“You look bored,” or “worried,” or “tired.”
If I am, I say so, but always with some commentary. I might say, “Yes, I am feeling worried—the choice you are describing seems unsafe,” or “The decision you are facing is difficult no matter what you chose, and I am concerned about your well-being.”
It is harder to do, but I am also prepared to admit when I am bored. The commentary in this case has to be both about my boredom and the client’s boredom, because they often go together. I might say that, “I find boredom to be a way I defend myself against something that makes me feel anxious—and today I am anxious about understanding what you are experiencing.” But I might also venture to ask, “Are you bored too?” “Are we stuck?” “Are we going over old ground—not because we are seeking new depth but just to avoid a harder topic?”
If I am tired, then I admit it when challenged. The issue then is how my tiredness—an aspect of my humanity—impinges on the therapeutic process. And that is something to discuss in the moment. “What do you feel in the presence of my tiredness, my imperfection?” If the answer is something like, “I feel rejected and de-valued,” then I have to own up to being the source of that experience, and I have to work to use the therapeutic space to process the experience.
If I am really not bored or angry or tired, then the statement is an occasion to reflect back—“Are you feeling that way?”
There are many possible variations on these themes.

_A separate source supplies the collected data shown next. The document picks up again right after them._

lemma inv_cnj_fixed_iff: "z \<noteq> 0 \<Longrightarrow> inv_cnj z = z \<longleftrightarrow> cmod z = 1"
  by (auto simp: inv_cnj_def norm_eq_1_iff_mult_cnj field_simps)

lemma count_image_inv_cnj: "count (image_mset inv_cnj Z) x = count Z (inv_cnj x)"
proof -
  have "inv_cnj -` {x} = {inv_cnj x}" by (auto simp: inv_cnj_eq_iff)
  then show ?thesis by (cases "inv_cnj x \<in># Z") (auto simp: count_image_mset not_in_iff)
qed

lemma filter_mset_image_inv_cnj:
  "(\<And>x. Q (inv_cnj x) = Q x) \<Longrightarrow>
    filter_mset Q (image_mset inv_cnj Z) = image_mset inv_cnj (filter_mset Q Z)"
  using image_mset_filter_mset_swap[of inv_cnj Q Z] by simp

lemma filter_mset_circle_add_image_inv_cnj:
  "filter_mset (\<lambda>z. cmod z = 1) (Z + image_mset inv_cnj Z)
    = filter_mset (\<lambda>z. cmod z = 1) Z + filter_mset (\<lambda>z. cmod z = 1) Z"
proof -
  have "filter_mset (\<lambda>z. cmod z = 1) (image_mset inv_cnj Z)
      = image_mset inv_cnj (filter_mset (\<lambda>z. cmod z = 1) Z)"
    by (rule filter_mset_image_inv_cnj) (auto simp: norm_inv_cnj divide_eq_1_iff)
  also have "\<dots> = image_mset (\<lambda>z. z) (filter_mset (\<lambda>z. cmod z = 1) Z)"
  proof (rule image_mset_cong)
    fix z assume "z \<in># filter_mset (\<lambda>z. cmod z = 1) Z"
    then have "cmod z = 1" "z \<noteq> 0" by auto
    then show "inv_cnj z = z" using inv_cnj_fixed_iff by simp
  qed
  finally show ?thesis by simp
qed

lemma sum_mset_pair_inv_cnj: "(\<Sum>\<alpha>\<in>#Z. {#\<alpha>, 1 / cnj \<alpha>#}) = Z + image_mset inv_cnj Z"
  by (induction Z) (simp_all add: inv_cnj_def)

section \<open>The conjugate reflection of a polynomial\<close>

text \<open>The polynomial z^(deg p) conj (p (1 / conj z)), the counterpart of the star operation
  (lemma lp_star_lp_of_poly).\<close>

definition cnj_reflect :: "complex poly \<Rightarrow> complex poly" where
  "cnj_reflect p = reflect_poly (map_poly cnj p)"

lemma coeff_map_poly_cnj [simp]: "coeff (map_poly cnj p) i = cnj (coeff p i)"
  by (simp add: coeff_map_poly)

lemma degree_map_poly_cnj [simp]: "degree (map_poly cnj p) = degree p"
  by (rule degree_map_poly) simp

lemma map_poly_cnj_mult: "map_poly cnj (p * q) = map_poly cnj p * map_poly cnj q"
  by (rule poly_eqI) (simp add: coeff_mult)

lemma coeff_cnj_reflect:
  "coeff (cnj_reflect p) n = (if n \<le> degree p then cnj (coeff p (degree p - n)) else 0)"
  by (simp add: cnj_reflect_def coeff_reflect_poly)

lemma cnj_reflect_eq_0_iff [simp]: "cnj_reflect p = 0 \<longleftrightarrow> p = 0"
  by (simp add: cnj_reflect_def map_poly_eq_0_iff)

lemma cnj_reflect_mult: "cnj_reflect (p * q) = cnj_reflect p * cnj_reflect q"
  by (simp add: cnj_reflect_def map_poly_cnj_mult reflect_poly_mult)

lemma cnj_reflect_smult: "cnj_reflect (smult c p) = smult (cnj c) (cnj_reflect p)"
  by (simp add: cnj_reflect_def map_poly_smult reflect_poly_smult)

lemma coeff_0_cnj_reflect: "coeff (cnj_reflect p) 0 = cnj (lead_coeff p)"
  by (simp add: coeff_cnj_reflect)

lemma degree_cnj_reflect: "coeff p 0 \<noteq> 0 \<Longrightarrow> degree (cnj_reflect p) = degree p"
  by (simp add: cnj_reflect_def)

lemma cnj_reflect_linear:
  "z \<noteq> 0 \<Longrightarrow> cnj_reflect [:-z, 1:] = smult (- cnj z) [:- inv_cnj z, 1:]"
  by (rule poly_eqI) (auto simp: coeff_cnj_reflect coeff_pCons inv_cnj_def split: nat.splits)

lemma prod_linear_factors_add_mset:
  "(\<Prod>x\<in>#add_mset y Z. [:-x, 1:]) = [:-y, 1:] * (\<Prod>x\<in>#Z. [:-x, 1:])"
  by (simp only: image_mset_add_mset prod_mset.add_mset)

lemma proots_prod_linear_factors: "proots (\<Prod>x\<in>#Z. [:-x, 1:]) = (Z :: complex multiset)"
proof (induction Z)
  case (add x Z)
  then show ?case
    unfolding prod_linear_factors_add_mset by (subst proots_mult) auto
qed simp

lemma proots_cnj_reflect_prod_linear_factors:
  "0 \<notin># Z \<Longrightarrow> proots (cnj_reflect (\<Prod>x\<in>#Z. [:-x, 1:])) = image_mset inv_cnj Z"
proof (induction Z)
  case (add x Z)
  then have "x \<noteq> 0" by auto
  then have "proots (cnj_reflect [:-x, 1:]) = {#inv_cnj x#}"
    unfolding cnj_reflect_linear[OF \<open>x \<noteq> 0\<close>] by (subst proots_smult) auto
  with add show ?case
    unfolding prod_linear_factors_add_mset cnj_reflect_mult
    by (subst proots_mult) auto
qed (simp add: cnj_reflect_def)

lemma proots_cnj_reflect:
  assumes "coeff p 0 \<noteq> 0"
  shows "proots (cnj_reflect p) = image_mset inv_cnj (proots p)"
proof -
  have p: "p \<noteq> 0" using assms by auto
  then have "0 \<notin># proots p" using assms by (simp add: poly_0_coeff_0)
  moreover have "cnj_reflect p = smult (cnj (lead_coeff p)) (cnj_reflect (\<Prod>x\<in>#proots p. [:-x, 1:]))"
    by (subst (1) complex_poly_decompose_multiset[symmetric]) (rule cnj_reflect_smult)
  ultimately show ?thesis
    using p by (simp add: proots_cnj_reflect_prod_linear_factors)
qed

lemma poly_eq_smult_if_proots_eq:
  fixes p q :: "complex poly"
  assumes "p \<noteq> 0" "proots p = proots q"
  shows "q = smult (lead_coeff q / lead_coeff p) p"
proof -
  have "smult (lead_coeff q / lead_coeff p) p
      = smult (lead_coeff q / lead_coeff p) (smult (lead_coeff p) (\<Prod>x\<in>#proots q. [:-x, 1:]))"
    by (subst (1) complex_poly_decompose_multiset[of p, symmetric]) (simp add: assms(2))
  also have "\<dots> = smult (lead_coeff q) (\<Prod>x\<in>#proots q. [:-x, 1:])"
    using assms(1) by simp
  also have "\<dots> = q" by (rule complex_poly_decompose_multiset)
  finally show ?thesis by simp
qed

section \<open>Laurent polynomials as shifted polynomials\<close>

definition lp_of_poly :: "int \<Rightarrow> complex poly \<Rightarrow> int \<Rightarrow> complex" where
  "lp_of_poly m p = (\<lambda>n. if m \<le> n then coeff p (nat (n - m)) else 0)"

lemma support_lp_of_poly:
  "{k. lp_of_poly m p k \<noteq> 0} \<subseteq> (\<lambda>i. m + int i) ` {..degree p}"
proof
  fix k assume "k \<in> {k. lp_of_poly m p k \<noteq> 0}"
  then have "m \<le> k" "coeff p (nat (k - m)) \<noteq> 0" by (auto simp: lp_of_poly_def split: if_splits)
  then have "nat (k - m) \<le> degree p" "k = m + int (nat (k - m))" by (auto intro: le_degree)
  then show "k \<in> (\<lambda>i. m + int i) ` {..degree p}" by blast
qed

lemma lpoly_lp_of_poly: "lpoly (lp_of_poly m p)"
  unfolding lpoly_def by (rule finite_subset[OF support_lp_of_poly]) simp

lemma lp_of_poly_eq_0_iff [simp]: "lp_of_poly m p = (\<lambda>_. 0) \<longleftrightarrow> p = 0"
proof
  assume "lp_of_poly m p = (\<lambda>_. 0)"
  then have "lp_of_poly m p (m + int i) = 0" for i by simp
  then show "p = 0" by (intro poly_eqI) (simp add: lp_of_poly_def)
qed (simp add: lp_of_poly_def fun_eq_iff)

lemma lp_star_lp_of_poly:
  "lp_star (lp_of_poly m p) = lp_of_poly (- m - int (degree p)) (cnj_reflect p)"
proof
  fix k
  consider "m \<le> -k" "- m - int (degree p) \<le> k" | "m \<le> -k" "k < - m - int (degree p)" | "- k < m"
    by linarith
  then show "lp_star (lp_of_poly m p) k = lp_of_poly (- m - int (degree p)) (cnj_reflect p) k"
  proof cases
    case 1
    then have "nat (k - (- m - int (degree p))) \<le> degree p"
      "degree p - nat (k - (- m - int (degree p))) = nat (- k - m)" by linarith+
    with 1 show ?thesis by (simp add: lp_star_def lp_of_poly_def coeff_cnj_reflect)
  next
    case 2
    then have "degree p < nat (- k - m)" by linarith
    with 2 show ?thesis by (simp add: lp_star_def lp_of_poly_def coeff_eq_0)
  qed (auto simp: lp_star_def lp_of_poly_def coeff_cnj_reflect)
qed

One of them is the case where I am bored but nothing is said. That is when I have to ask myself about my own boredom—what I am avoiding in my work with this client, or elsewhere in my personal and professional life, that is draining the energy from this moment?
“These sessions are going nowhere.”
This is hard to hear. I know that not every session can feel productive, but I still want to believe that every client feels like every session is valuable, productive, worth the time and money. It is a fantasy, but it stings to have it deflated.
But I have to bracket that sting when the client says, “These sessions are going nowhere,” and muster the courage to ask for more criticism. “What are we stuck on?” “What feels unproductive?” “What do you want from me that you are not getting?” “What do you want from this session or from our work as a whole that you are not getting?”
So this complaint, this moment of anger or frustration, is a gift to the process. If I welcome it, if I can survive it, and if I can give my client a chance to fill out the details of the disappointment, everything about our relationship will be richer. At some point in the process I will want to take the brackets off my own injury and admit that it hurt to hear those words.
When my client has the courage to say, “These sessions are going nowhere,” both of us have a chance to experience, and to learn again, that breaks and repairs make for stronger bonds.